____ RECORD SET
lemma field_embedding_of_rat: "\<sigma> (of_rat r) = of_rat r"
proof (cases r)
  case (Fract a b)
  then have r: "of_rat r = (of_int a / of_int b :: complex)" by (simp add: of_rat_rat)
  then have ba: "of_int b * of_rat r = (of_int a :: complex)" using Fract by simp
  have "of_int b * \<sigma> (of_rat r) = \<sigma> (of_int b * of_rat r)"
    by (simp add: field_embedding_mult[OF fe] subfield_C_of_int[OF sf] subfield_C_of_rat[OF sf]
        field_embedding_of_int)
  also have "\<dots> = of_int a" by (simp add: ba field_embedding_of_int)
  finally have "\<sigma> (of_rat r) = of_int a / of_int b" using Fract(2) by (simp add: eq_divide_eq mult.commute)
  with r show ?thesis by simp
qed

lemma field_embedding_nonzero: "x \<in> M \<Longrightarrow> x \<noteq> 0 \<Longrightarrow> \<sigma> x \<noteq> 0"
  using field_embedding_mult[OF fe, of x "inverse x"] subfield_C_inverse[OF sf, of x]
    field_embedding_one[OF fe] by force

lemma field_embedding_rat_combination:
  "(\<And>i. i \<in> A \<Longrightarrow> w i \<in> M) \<Longrightarrow>
    \<sigma> (\<Sum>i\<in>A. of_rat (q i) * w i) = (\<Sum>i\<in>A. of_rat (q i) * \<sigma> (w i))"
  by (simp add: field_embedding_sum field_embedding_mult[OF fe] subfield_C_mult[OF sf]
      subfield_C_of_rat[OF sf] field_embedding_of_rat)

lemma field_embedding_int_combination:
  "(\<And>i. i \<in> A \<Longrightarrow> w i \<in> M) \<Longrightarrow>
    \<sigma> (\<Sum>i\<in>A. of_int (q i) * w i) = (\<Sum>i\<in>A. of_int (q i) * \<sigma> (w i))"
  using field_embedding_rat_combination[of A w "\<lambda>i. of_int (q i)"] by simp

lemma field_embedding_coeff_map_poly: "coeff (map_poly \<sigma> p) i = \<sigma> (coeff p i)"
  by (simp add: coeff_map_poly field_embedding_zero)

lemma
  assumes "lead_coeff p = 1"
  shows field_embedding_degree_map_poly: "degree (map_poly \<sigma> p) = degree p"
    and field_embedding_lead_coeff_map_poly: "lead_coeff (map_poly \<sigma> p) = 1"
  using assms map_poly_degree_eq[of \<sigma> p] lead_coeff_map_poly_nz[of \<sigma> p]
  by (simp_all add: field_embedding_one[OF fe] field_embedding_zero)

end

section \<open>Matrices indexed by 1..m and coordinates in an integral basis\<close>

lemma sum_atLeast1_atMost_shift: "(\<Sum>j=1..m. g j) = (\<Sum>j<m. g (Suc j))"
  using sum.atLeast1_atMost_eq[of g m] by simp

lemma index_mult_mat_shift:
  assumes "A \<in> carrier_mat m m" "B \<in> carrier_mat m m" "i \<in> {1..m}" "k \<in> {1..m}"
  shows "(A * B) $$ (i - 1, k - 1) = (\<Sum>j=1..m. A $$ (i - 1, j - 1) * B $$ (j - 1, k - 1))"
  unfolding sum_atLeast1_atMost_shift using assms
  by (subst index_mult_mat) (auto simp: scalar_prod_def atLeast0LessThan)

lemma left_kernel_trivial_imp_inverse:
  fixes S :: "nat \<Rightarrow> nat \<Rightarrow> 'a::field"
  assumes ker: "\<And>c. \<forall>k\<in>{1..m}. (\<Sum>j=1..m. c j * S j k) = 0 \<Longrightarrow> \<forall>j\<in>{1..m}. c j = 0"
  obtains T where "\<forall>i\<in>{1..m}. \<forall>k\<in>{1..m}. (\<Sum>j=1..m. T i j * S j k) = (if i = k then 1 else 0)"
    and "\<forall>i\<in>{1..m}. \<forall>k\<in>{1..m}. (\<Sum>j=1..m. S i j * T j k) = (if i = k then 1 else 0)"
proof -
  define A where "A = mat m m (\<lambda>(i, j). S (Suc i) (Suc j))"
  have A: "A \<in> carrier_mat m m" unfolding A_def by auto
  have "det (transpose_mat A) \<noteq> 0"
  proof
    assume "det (transpose_mat A) = 0"
    then obtain v where v: "v \<in> carrier_vec m" "v \<noteq> 0\<^sub>v m" "transpose_mat A *\<^sub>v v = 0\<^sub>v m"
      using det_0_iff_vec_prod_zero_field[of "transpose_mat A" m] A by auto
    have "(\<Sum>j=1..m. v $ (j - 1) * S j k) = 0" if k: "k \<in> {1..m}" for k
    proof -
      have "0 = (transpose_mat A *\<^sub>v v) $ (k - 1)" using v k by auto
      also have "\<dots> = (\<Sum>j=1..m. v $ (j - 1) * S j k)"
        unfolding sum_atLeast1_atMost_shift using v k A unfolding A_def
        by (subst index_mult_mat_vec) (auto simp: scalar_prod_def atLeast0LessThan mult.commute)
      finally show ?thesis by simp
    qed
    then have "\<forall>j\<in>{1..m}. v $ (j - 1) = 0" using ker[of "\<lambda>j. v $ (j - 1)"] by blast
    then have "v = 0\<^sub>v m" using v(1) by (intro eq_vecI) (auto dest!: bspec[of _ _ "Suc _"])
    with v(2) show False by simp
  qed
  then have "det A \<noteq> 0" using det_transpose[OF A] by simp
  then obtain B where B: "B \<in> carrier_mat m m" "B * A = 1\<^sub>m m" "A * B = 1\<^sub>m m"
    using det_non_zero_imp_unit[OF A, of "()"] unfolding Units_def ring_mat_def by auto
  have A_entry: "A $$ (j - 1, k - 1) = S j k" if "j \<in> {1..m}" "k \<in> {1..m}" for j k
    using that unfolding A_def by auto
  show thesis
  proof (rule that[of "\<lambda>i j. B $$ (i - 1, j - 1)"]; intro ballI)
    fix i k assume ik: "i \<in> {1..m}" "k \<in> {1..m}"
    have "(B * A) $$ (i - 1, k - 1) = (\<Sum>j=1..m. B $$ (i - 1, j - 1) * S j k)"
      unfolding index_mult_mat_shift[OF B(1) A ik] by (intro sum.cong refl) (metis A_entry ik(2))
    then show "(\<Sum>j=1..m. B $$ (i - 1, j - 1) * S j k) = (if i = k then 1 else 0)"
      using B(2) ik by (auto split: if_splits)
    have "(A * B) $$ (i - 1, k - 1) = (\<Sum>j=1..m. S i j * B $$ (j - 1, k - 1))"
      unfolding index_mult_mat_shift[OF A B(1) ik] by (intro sum.cong refl) (metis A_entry ik(1))
    then show "(\<Sum>j=1..m. S i j * B $$ (j - 1, k - 1)) = (if i = k then 1 else 0)"
      using B(3) ik by (auto split: if_splits)
  qed
qed

lemma mat_inv_1_left_inverse:
  fixes S :: "nat \<Rightarrow> nat \<Rightarrow> complex"
  assumes ker: "\<And>c. \<forall>k\<in>{1..m}. (\<Sum>j=1..m. c j * S j k) = 0 \<Longrightarrow> \<forall>j\<in>{1..m}. c j = 0"
  shows "\<forall>i\<in>{1..m}. \<forall>k\<in>{1..m}. (\<Sum>j=1..m. mat_inv_1 m S i j * S j k) = (if i = k then 1 else 0)"
proof -
  obtain T where
    L: "\<forall>i\<in>{1..m}. \<forall>k\<in>{1..m}. (\<Sum>j=1..m. T i j * S j k) = (if i = k then 1 else 0)" and
    R: "\<forall>i\<in>{1..m}. \<forall>k\<in>{1..m}. (\<Sum>j=1..m. S i j * T j k) = (if i = k then 1 else 0)"
    using left_kernel_trivial_imp_inverse[OF ker] by blast
  define P where "P U \<longleftrightarrow> (\<forall>i\<in>{1..m}. \<forall>k\<in>{1..m}.
        (\<Sum>j=1..m. U i j * S j k) = (if i = k then 1 else 0)) \<and>
      (\<forall>i j. i \<notin> {1..m} \<or> j \<notin> {1..m} \<longrightarrow> U i j = 0)" for U
  define T0 where "T0 i j = (if i \<in> {1..m} \<and> j \<in> {1..m} then T i j else 0)" for i j
  have "P T0" using L unfolding P_def T0_def by (auto intro!: sum.cong)
  moreover have "U = T0" if "P U" for U
  proof (intro ext)
    fix i k
    show "U i k = T0 i k"
    proof (cases "i \<in> {1..m} \<and> k \<in> {1..m}")
      case True
      \<comment> \<open>T = (U S) T = U (S T) = U\<close>
      have "T i k = (\<Sum>j=1..m. (if i = j then T j k else 0))" using True by simp
      also have "\<dots> = (\<Sum>j=1..m. (\<Sum>l=1..m. U i l * S l j) * T j k)"
        using \<open>P U\<close> True unfolding P_def by (intro sum.cong) auto
      also have "\<dots> = (\<Sum>l=1..m. U i l * (\<Sum>j=1..m. S l j * T j k))"
        by (simp add: sum_distrib_left sum_distrib_right mult.assoc) (rule sum.swap)
      also have "\<dots> = (\<Sum>l=1..m. (if l = k then U i l else 0))"
        using R True by (intro sum.cong) auto
      also have "\<dots> = U i k" using True by simp
      finally show ?thesis using True unfolding T0_def by simp
    next
      case False
      then show ?thesis using \<open>P U\<close> unfolding P_def T0_def by auto
    qed
  qed
  ultimately have "P (mat_inv_1 m S)"
    unfolding mat_inv_1_def P_def[symmetric] by (rule theI)
  then show ?thesis unfolding P_def by blast
qed

lemma common_denominator:
  fixes c :: "'b \<Rightarrow> rat"
  assumes "finite A"
  obtains D :: int and z :: "'b \<Rightarrow> int" where "D > 0" and "\<And>i. i \<in> A \<Longrightarrow> of_int D * c i = of_int (z i)"
proof -
  have "\<exists>D z. D > (0::int) \<and> (\<forall>i\<in>A. of_int D * c i = of_int (z i))"
    using assms
  proof (induction A rule: finite_induct)
    case empty
    show ?case by (intro exI[of _ 1]) auto
  next
    case (insert x F)
    then obtain D z where D: "D > 0" "\<forall>i\<in>F. of_int D * c i = of_int (z i)" by blast
    obtain a b where ab: "c x = Rat.Fract a b" "b > 0" by (cases "c x") auto
    define z' where "z' i = (if i = x then D * a else z i * b)" for i
    have "of_int (D * b) * c i = of_int (z' i)" if "i \<in> insert x F" for i
      using that D ab by (auto simp: z'_def Fract_of_int_quotient field_simps)
    with D ab show ?case by (intro exI[of _ "D * b"] exI[of _ z']) auto
  qed
  with that show thesis by blast
qed

lemma number_field_subfield_C: "number_field M m \<Longrightarrow> subfield_C M"
  unfolding number_field_def by auto

lemma integral_basis_in_M: "integral_basis M m \<omega> \<Longrightarrow> i \<in> {1..m} \<Longrightarrow> \<omega> i \<in> M"
  unfolding integral_basis_def ring_of_integers_def by auto

lemma all_embeddings_field_embedding:
  "all_embeddings M m \<sigma> \<Longrightarrow> j \<in> {1..m} \<Longrightarrow> field_embedding M (\<sigma> j)"
  unfolding all_embeddings_def by auto

lemma integral_basis_rat_independent:
  assumes ib: "integral_basis M m \<omega>" and zero: "(\<Sum>i=1..m. of_rat (c i) * \<omega> i) = 0"
  shows "\<forall>i\<in>{1..m}. c i = 0"
proof -
  obtain D :: int and q where D: "D > 0" and q: "\<And>i. i \<in> {1..m} \<Longrightarrow> of_int D * c i = of_int (q i)"
    using common_denominator[of "{1..m}" c] by auto
  have "(\<Sum>i=1..m. of_int (q i) * \<omega> i) = of_int D * (\<Sum>i=1..m. of_rat (c i) * \<omega> i)"
    unfolding sum_distrib_left
  proof (intro sum.cong refl)
    fix i assume i: "i \<in> {1..m}"
    have "(of_int (q i) :: complex) = of_rat (of_int D * c i)" using q[OF i] by simp
    then show "of_int (q i) * \<omega> i = of_int D * (of_rat (c i) * \<omega> i)" by (simp add: of_rat_mult)
  qed
  also have "\<dots> = 0" using zero by simp
  finally have "\<forall>i\<in>{1..m}. q i = 0" using ib unfolding integral_basis_def by blast
  with q D show ?thesis by force
qed

lemma integral_basis_rat_spans:
  assumes nf: "number_field M m" and ib: "integral_basis M m \<omega>" and x: "x \<in> M"
  obtains r :: "nat \<Rightarrow> rat" where "x = (\<Sum>i=1..m. of_rat (r i) * \<omega> i)"
proof -
  obtain b :: "nat \<Rightarrow> complex" where
    b: "\<forall>y\<in>M. \<exists>q :: nat \<Rightarrow> rat. y = (\<Sum>i=1..m. of_rat (q i) * b i)"
    using nf unfolding number_field_def by blast
  have "\<forall>i\<in>{1..m}. \<exists>q :: nat \<Rightarrow> rat. \<omega> i = (\<Sum>k=1..m. of_rat (q k) * b k)"
    using b integral_basis_in_M[OF ib] by blast
  then obtain B where B: "\<forall>i\<in>{1..m}. \<omega> i = (\<Sum>k=1..m. of_rat (B i k) * b k)"
    by metis
  have expand: "(\<Sum>i=1..m. of_rat (c i) * \<omega> i) = (\<Sum>k=1..m. of_rat (\<Sum>i=1..m. c i * B i k) * b k)"
    for c :: "nat \<Rightarrow> rat"
  proof -
    have "(\<Sum>i=1..m. of_rat (c i) * \<omega> i) = (\<Sum>i=1..m. of_rat (c i) * (\<Sum>k=1..m. of_rat (B i k) * b k))"
      using B by (intro sum.cong) auto
    also have "\<dots> = (\<Sum>k=1..m. of_rat (\<Sum>i=1..m. c i * B i k) * b k)"
      by (simp add: sum_distrib_left sum_distrib_right of_rat_sum of_rat_mult mult.assoc) (rule sum.swap)
    finally show ?thesis .
  qed
  \<comment> \<open>a left inverse C of the change of basis matrix B expresses each b k in terms of \<omega>\<close>
  obtain C where C: "\<forall>i\<in>{1..m}. \<forall>k\<in>{1..m}. (\<Sum>j=1..m. C i j * B j k) = (if i = k then 1 else 0)"
  proof (rule left_kernel_trivial_imp_inverse)
    fix c assume "\<forall>k\<in>{1..m}. (\<Sum>j=1..m. c j * B j k) = 0"
    then have "(\<Sum>i=1..m. of_rat (c i) * \<omega> i) = 0" unfolding expand by simp
    then show "\<forall>j\<in>{1..m}. c j = 0" by (rule integral_basis_rat_independent[OF ib])
  qed
  have bC: "b k = (\<Sum>i=1..m. of_rat (C k i) * \<omega> i)" if k: "k \<in> {1..m}" for k
  proof -
    have "(\<Sum>i=1..m. of_rat (C k i) * \<omega> i) = (\<Sum>l=1..m. (if k = l then b l else 0))"
      unfolding expand using C k by (intro sum.cong) auto
    also have "\<dots> = b k" using k by simp
    finally show ?thesis by simp
  qed
  obtain q where "x = (\<Sum>k=1..m. of_rat (q k) * b k)" using b x by blast
  also have "\<dots> = (\<Sum>k=1..m. of_rat (q k) * (\<Sum>i=1..m. of_rat (C k i) * \<omega> i))"
    using bC by (intro sum.cong) auto
  also have "\<dots> = (\<Sum>i=1..m. of_rat (\<Sum>k=1..m. q k * C k i) * \<omega> i)"
    by (simp add: sum_distrib_left sum_distrib_right of_rat_sum of_rat_mult mult.assoc) (rule sum.swap)
  finally show thesis by (rule that)
qed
________
• _WHAT THE TASK REQUIRES_: Copy the lines above exactly, from the very first through the one containing "by (simp add: field_embedding_sum", and include no other line.

• _RESPONSE TO THE EXERCISE_:
lemma field_embedding_of_rat: "\<sigma> (of_rat r) = of_rat r"
proof (cases r)
  case (Fract a b)
  then have r: "of_rat r = (of_int a / of_int b :: complex)" by (simp add: of_rat_rat)
  then have ba: "of_int b * of_rat r = (of_int a :: complex)" using Fract by simp
  have "of_int b * \<sigma> (of_rat r) = \<sigma> (of_int b * of_rat r)"
    by (simp add: field_embedding_mult[OF fe] subfield_C_of_int[OF sf] subfield_C_of_rat[OF sf]
        field_embedding_of_int)
  also have "\<dots> = of_int a" by (simp add: ba field_embedding_of_int)
  finally have "\<sigma> (of_rat r) = of_int a / of_int b" using Fract(2) by (simp add: eq_divide_eq mult.commute)
  with r show ?thesis by simp
qed

lemma field_embedding_nonzero: "x \<in> M \<Longrightarrow> x \<noteq> 0 \<Longrightarrow> \<sigma> x \<noteq> 0"
  using field_embedding_mult[OF fe, of x "inverse x"] subfield_C_inverse[OF sf, of x]
    field_embedding_one[OF fe] by force

lemma field_embedding_rat_combination:
  "(\<And>i. i \<in> A \<Longrightarrow> w i \<in> M) \<Longrightarrow>
    \<sigma> (\<Sum>i\<in>A. of_rat (q i) * w i) = (\<Sum>i\<in>A. of_rat (q i) * \<sigma> (w i))"
  by (simp add: field_embedding_sum field_embedding_mult[OF fe] subfield_C_mult[OF sf]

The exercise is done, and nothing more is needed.